Required action: Across all of the records below, determine the number of lines containing the string "finally"; reply with that number only.

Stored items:
*-*-*
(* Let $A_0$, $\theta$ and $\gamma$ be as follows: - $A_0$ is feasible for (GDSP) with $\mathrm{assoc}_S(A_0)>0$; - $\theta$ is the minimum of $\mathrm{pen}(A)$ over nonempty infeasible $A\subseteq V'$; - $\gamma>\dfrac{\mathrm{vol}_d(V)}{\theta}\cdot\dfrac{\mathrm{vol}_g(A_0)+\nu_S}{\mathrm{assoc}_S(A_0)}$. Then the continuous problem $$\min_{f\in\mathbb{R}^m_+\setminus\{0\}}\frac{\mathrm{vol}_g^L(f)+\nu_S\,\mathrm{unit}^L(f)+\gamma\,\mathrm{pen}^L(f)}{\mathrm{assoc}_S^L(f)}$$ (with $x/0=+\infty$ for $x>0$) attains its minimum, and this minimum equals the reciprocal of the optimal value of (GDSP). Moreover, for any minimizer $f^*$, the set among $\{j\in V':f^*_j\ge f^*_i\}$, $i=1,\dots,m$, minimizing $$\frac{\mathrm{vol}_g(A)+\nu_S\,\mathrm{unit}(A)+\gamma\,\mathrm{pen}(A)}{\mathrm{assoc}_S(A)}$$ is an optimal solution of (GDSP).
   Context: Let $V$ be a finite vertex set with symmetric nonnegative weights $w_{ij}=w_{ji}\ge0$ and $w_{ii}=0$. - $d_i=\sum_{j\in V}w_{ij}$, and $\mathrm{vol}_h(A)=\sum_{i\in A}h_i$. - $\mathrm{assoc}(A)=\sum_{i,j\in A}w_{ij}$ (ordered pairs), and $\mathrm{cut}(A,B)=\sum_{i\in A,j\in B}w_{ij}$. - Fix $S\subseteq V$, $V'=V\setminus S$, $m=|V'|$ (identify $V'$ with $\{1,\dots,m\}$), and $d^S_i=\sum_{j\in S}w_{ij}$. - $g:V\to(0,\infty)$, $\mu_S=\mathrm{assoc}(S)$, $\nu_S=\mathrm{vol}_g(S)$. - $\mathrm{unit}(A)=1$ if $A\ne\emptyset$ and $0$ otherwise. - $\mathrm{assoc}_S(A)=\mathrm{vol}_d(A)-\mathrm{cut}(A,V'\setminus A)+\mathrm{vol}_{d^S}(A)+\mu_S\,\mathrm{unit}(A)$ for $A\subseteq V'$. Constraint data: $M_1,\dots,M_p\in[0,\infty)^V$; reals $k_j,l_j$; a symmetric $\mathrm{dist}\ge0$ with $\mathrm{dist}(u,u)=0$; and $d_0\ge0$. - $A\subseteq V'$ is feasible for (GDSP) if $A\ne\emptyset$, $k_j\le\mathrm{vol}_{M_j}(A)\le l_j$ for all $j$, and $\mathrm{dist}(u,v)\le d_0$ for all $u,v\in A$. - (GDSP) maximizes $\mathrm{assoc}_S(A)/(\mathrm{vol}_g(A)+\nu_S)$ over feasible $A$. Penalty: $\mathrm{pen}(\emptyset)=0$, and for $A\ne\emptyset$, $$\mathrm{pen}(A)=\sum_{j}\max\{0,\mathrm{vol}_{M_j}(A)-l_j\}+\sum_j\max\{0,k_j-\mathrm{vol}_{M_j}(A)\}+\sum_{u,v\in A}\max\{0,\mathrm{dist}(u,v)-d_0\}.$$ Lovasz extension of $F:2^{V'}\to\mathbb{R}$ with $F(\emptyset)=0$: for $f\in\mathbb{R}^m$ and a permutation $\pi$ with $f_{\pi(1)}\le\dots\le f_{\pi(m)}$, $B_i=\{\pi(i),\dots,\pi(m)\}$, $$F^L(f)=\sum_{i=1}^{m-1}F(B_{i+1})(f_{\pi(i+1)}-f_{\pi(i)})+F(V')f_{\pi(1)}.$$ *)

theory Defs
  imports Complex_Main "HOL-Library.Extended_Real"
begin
*-*-*
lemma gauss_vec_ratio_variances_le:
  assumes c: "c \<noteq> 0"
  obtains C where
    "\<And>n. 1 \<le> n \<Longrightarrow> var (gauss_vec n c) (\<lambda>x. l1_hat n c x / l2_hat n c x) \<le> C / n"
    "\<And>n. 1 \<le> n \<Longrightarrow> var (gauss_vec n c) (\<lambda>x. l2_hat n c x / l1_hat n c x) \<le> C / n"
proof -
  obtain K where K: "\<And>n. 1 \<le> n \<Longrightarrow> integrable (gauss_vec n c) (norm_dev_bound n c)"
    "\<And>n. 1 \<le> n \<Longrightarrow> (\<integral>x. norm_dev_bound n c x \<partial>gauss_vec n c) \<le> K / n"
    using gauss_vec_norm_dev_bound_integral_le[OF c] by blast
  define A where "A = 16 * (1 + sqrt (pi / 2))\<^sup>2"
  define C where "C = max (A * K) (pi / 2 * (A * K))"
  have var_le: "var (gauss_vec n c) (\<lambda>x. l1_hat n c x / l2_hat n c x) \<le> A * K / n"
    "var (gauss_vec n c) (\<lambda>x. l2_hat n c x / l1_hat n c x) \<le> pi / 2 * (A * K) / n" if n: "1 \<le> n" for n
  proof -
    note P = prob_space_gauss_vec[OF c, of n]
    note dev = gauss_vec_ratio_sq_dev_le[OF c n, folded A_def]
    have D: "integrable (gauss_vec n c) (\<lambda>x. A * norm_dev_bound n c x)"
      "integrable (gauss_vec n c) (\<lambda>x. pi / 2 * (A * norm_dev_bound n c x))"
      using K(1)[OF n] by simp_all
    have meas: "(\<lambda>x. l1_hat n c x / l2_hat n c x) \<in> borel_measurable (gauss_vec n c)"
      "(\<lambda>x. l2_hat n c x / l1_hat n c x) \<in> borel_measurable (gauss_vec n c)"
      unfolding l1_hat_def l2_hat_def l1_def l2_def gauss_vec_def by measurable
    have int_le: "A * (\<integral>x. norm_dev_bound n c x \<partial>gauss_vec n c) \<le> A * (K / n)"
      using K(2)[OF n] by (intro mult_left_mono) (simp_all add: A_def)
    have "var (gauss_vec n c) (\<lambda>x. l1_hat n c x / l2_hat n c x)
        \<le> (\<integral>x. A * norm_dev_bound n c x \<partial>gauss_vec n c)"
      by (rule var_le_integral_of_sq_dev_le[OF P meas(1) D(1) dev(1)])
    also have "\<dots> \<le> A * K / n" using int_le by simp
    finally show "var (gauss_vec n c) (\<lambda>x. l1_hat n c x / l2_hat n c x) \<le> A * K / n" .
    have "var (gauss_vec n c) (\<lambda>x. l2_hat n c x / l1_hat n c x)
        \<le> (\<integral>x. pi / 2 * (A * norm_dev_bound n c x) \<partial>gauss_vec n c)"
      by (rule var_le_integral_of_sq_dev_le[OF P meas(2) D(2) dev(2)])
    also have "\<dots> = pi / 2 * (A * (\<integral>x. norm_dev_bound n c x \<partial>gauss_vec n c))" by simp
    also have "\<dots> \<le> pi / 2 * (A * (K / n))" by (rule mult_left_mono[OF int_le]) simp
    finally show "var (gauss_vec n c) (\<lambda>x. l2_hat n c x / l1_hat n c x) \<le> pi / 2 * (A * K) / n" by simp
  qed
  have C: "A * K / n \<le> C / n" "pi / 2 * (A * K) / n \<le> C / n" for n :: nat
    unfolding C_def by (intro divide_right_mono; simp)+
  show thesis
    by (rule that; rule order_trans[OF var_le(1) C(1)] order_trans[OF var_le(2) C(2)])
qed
*-*-*
Solution to this exercise: 2